> BRIEF
Below are some entries. Repeat exactly the lines from the one with "fixes h q q'" through the one with "using assms by", and only those.
-- Opening Marker --
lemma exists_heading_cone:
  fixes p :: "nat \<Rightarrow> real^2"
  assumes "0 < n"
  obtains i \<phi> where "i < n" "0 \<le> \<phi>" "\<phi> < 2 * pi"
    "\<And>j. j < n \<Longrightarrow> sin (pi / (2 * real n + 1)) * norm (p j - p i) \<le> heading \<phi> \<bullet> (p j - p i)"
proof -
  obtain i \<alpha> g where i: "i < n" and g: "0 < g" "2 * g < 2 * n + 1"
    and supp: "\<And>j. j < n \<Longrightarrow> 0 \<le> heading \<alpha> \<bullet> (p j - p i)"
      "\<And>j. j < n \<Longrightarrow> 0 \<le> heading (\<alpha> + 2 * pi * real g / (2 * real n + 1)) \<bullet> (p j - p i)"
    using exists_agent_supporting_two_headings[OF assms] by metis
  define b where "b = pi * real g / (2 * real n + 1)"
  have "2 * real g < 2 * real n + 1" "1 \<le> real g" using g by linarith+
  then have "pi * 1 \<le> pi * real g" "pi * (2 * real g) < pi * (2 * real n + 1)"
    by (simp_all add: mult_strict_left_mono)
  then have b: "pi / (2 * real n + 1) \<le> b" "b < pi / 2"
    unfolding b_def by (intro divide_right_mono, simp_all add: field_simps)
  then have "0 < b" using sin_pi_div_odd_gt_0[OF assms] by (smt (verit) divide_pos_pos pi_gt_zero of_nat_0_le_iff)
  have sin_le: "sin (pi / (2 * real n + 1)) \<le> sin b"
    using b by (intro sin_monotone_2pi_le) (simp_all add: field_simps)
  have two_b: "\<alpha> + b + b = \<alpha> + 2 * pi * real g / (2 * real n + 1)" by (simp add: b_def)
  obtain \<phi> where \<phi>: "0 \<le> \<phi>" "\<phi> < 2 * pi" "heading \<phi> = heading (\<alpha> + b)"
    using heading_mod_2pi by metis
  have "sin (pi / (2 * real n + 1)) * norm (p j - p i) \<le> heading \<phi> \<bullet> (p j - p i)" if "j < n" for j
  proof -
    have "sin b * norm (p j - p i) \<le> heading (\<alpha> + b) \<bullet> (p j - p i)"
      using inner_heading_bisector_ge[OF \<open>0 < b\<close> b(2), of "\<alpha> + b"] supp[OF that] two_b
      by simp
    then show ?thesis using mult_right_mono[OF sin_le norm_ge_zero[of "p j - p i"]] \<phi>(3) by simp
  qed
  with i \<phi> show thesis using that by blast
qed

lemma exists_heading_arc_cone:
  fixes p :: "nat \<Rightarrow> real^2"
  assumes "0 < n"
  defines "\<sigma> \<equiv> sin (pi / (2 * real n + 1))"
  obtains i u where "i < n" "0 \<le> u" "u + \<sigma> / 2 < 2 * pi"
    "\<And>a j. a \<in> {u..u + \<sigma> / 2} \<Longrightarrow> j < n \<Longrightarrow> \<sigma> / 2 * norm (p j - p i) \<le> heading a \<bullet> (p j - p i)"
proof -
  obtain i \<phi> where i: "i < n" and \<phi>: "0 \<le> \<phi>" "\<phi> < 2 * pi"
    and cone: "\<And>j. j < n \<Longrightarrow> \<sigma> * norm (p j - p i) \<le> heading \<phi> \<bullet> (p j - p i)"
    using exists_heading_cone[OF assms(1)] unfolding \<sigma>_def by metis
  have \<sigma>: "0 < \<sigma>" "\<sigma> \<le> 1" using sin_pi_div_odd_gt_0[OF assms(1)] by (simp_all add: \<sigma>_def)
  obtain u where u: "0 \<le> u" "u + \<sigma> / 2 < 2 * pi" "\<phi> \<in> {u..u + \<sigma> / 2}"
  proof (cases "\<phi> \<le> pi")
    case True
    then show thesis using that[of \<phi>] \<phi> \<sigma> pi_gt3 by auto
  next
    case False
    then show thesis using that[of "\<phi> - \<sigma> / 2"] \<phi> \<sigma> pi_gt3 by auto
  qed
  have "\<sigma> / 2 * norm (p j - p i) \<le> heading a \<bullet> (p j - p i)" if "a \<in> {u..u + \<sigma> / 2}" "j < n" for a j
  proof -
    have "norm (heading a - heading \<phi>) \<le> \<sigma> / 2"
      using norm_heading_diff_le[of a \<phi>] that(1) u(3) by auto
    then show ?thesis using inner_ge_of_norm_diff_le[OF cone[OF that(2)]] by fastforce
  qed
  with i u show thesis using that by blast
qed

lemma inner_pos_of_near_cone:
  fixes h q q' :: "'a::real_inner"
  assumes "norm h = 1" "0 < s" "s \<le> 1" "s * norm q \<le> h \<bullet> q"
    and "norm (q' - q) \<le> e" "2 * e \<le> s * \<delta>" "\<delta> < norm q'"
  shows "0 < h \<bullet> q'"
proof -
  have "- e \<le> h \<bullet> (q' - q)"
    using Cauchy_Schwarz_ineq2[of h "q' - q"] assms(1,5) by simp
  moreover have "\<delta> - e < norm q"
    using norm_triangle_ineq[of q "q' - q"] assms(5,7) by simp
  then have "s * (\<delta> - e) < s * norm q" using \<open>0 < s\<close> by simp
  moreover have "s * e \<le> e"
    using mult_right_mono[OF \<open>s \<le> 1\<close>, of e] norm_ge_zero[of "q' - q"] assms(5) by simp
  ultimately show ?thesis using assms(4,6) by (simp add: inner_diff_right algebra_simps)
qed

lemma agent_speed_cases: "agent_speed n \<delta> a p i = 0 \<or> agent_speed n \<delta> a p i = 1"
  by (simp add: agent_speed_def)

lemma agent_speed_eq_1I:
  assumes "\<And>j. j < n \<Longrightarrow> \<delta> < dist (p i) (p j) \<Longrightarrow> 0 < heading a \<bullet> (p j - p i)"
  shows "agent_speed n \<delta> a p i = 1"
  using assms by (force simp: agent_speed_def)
-- Closing Marker --
-- Opening Marker --
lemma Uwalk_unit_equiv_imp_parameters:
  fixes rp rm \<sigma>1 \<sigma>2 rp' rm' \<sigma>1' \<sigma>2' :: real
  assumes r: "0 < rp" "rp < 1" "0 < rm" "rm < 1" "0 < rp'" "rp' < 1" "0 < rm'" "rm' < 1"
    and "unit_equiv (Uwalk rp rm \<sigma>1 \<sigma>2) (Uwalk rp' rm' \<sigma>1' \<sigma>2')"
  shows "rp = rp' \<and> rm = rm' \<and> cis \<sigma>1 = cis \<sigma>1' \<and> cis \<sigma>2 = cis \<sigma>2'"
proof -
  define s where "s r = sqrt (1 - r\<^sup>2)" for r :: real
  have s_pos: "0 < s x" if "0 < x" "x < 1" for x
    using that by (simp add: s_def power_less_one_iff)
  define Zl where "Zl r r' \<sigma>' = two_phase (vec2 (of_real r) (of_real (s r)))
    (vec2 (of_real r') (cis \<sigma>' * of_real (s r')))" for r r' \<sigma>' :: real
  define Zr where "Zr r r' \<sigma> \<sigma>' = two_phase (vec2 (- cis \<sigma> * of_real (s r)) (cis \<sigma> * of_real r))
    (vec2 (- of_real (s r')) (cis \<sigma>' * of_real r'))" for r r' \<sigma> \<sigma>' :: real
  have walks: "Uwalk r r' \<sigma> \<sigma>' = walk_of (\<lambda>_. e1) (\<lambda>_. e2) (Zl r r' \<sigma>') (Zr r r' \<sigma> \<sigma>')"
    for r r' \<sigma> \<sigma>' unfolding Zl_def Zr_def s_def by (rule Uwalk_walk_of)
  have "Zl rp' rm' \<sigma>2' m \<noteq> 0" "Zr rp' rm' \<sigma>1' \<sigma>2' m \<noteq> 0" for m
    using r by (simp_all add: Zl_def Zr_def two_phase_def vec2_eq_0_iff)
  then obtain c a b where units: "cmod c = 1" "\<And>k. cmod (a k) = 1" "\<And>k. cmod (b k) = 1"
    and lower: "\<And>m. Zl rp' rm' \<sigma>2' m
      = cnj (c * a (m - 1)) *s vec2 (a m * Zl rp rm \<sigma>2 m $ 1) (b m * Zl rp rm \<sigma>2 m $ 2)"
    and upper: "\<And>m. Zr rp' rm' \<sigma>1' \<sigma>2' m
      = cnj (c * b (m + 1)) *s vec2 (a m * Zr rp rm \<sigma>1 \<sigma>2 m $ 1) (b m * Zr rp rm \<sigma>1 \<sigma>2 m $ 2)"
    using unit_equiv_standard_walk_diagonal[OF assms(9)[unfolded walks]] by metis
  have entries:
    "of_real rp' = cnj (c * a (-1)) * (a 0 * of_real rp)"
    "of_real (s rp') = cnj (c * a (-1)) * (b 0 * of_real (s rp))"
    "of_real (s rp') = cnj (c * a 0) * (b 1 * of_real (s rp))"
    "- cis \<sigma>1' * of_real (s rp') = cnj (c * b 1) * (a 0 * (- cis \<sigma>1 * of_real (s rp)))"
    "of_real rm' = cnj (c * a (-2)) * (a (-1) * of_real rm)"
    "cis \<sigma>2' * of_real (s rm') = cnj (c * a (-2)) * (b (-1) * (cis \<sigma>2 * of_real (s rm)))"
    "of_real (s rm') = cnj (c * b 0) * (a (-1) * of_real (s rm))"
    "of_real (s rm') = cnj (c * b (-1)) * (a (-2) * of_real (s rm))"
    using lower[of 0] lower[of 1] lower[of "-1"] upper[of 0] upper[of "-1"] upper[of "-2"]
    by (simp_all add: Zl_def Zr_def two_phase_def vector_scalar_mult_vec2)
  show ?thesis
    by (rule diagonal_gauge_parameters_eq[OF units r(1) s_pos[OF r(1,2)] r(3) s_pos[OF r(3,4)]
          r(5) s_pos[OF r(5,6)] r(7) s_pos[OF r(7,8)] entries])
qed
-- Closing Marker --
> THE ANSWER
  fixes h q q' :: "'a::real_inner"
  assumes "norm h = 1" "0 < s" "s \<le> 1" "s * norm q \<le> h \<bullet> q"
    and "norm (q' - q) \<le> e" "2 * e \<le> s * \<delta>" "\<delta> < norm q'"
  shows "0 < h \<bullet> q'"
proof -
  have "- e \<le> h \<bullet> (q' - q)"
    using Cauchy_Schwarz_ineq2[of h "q' - q"] assms(1,5) by simp
  moreover have "\<delta> - e < norm q"
    using norm_triangle_ineq[of q "q' - q"] assms(5,7) by simp
  then have "s * (\<delta> - e) < s * norm q" using \<open>0 < s\<close> by simp
  moreover have "s * e \<le> e"
    using mult_right_mono[OF \<open>s \<le> 1\<close>, of e] norm_ge_zero[of "q' - q"] assms(5) by simp
  ultimately show ?thesis using assms(4,6) by (simp add: inner_diff_right algebra_simps)
qed

lemma agent_speed_cases: "agent_speed n \<delta> a p i = 0 \<or> agent_speed n \<delta> a p i = 1"
  by (simp add: agent_speed_def)

lemma agent_speed_eq_1I:
  assumes "\<And>j. j < n \<Longrightarrow> \<delta> < dist (p i) (p j) \<Longrightarrow> 0 < heading a \<bullet> (p j - p i)"
  shows "agent_speed n \<delta> a p i = 1"
  using assms by (force simp: agent_speed_def)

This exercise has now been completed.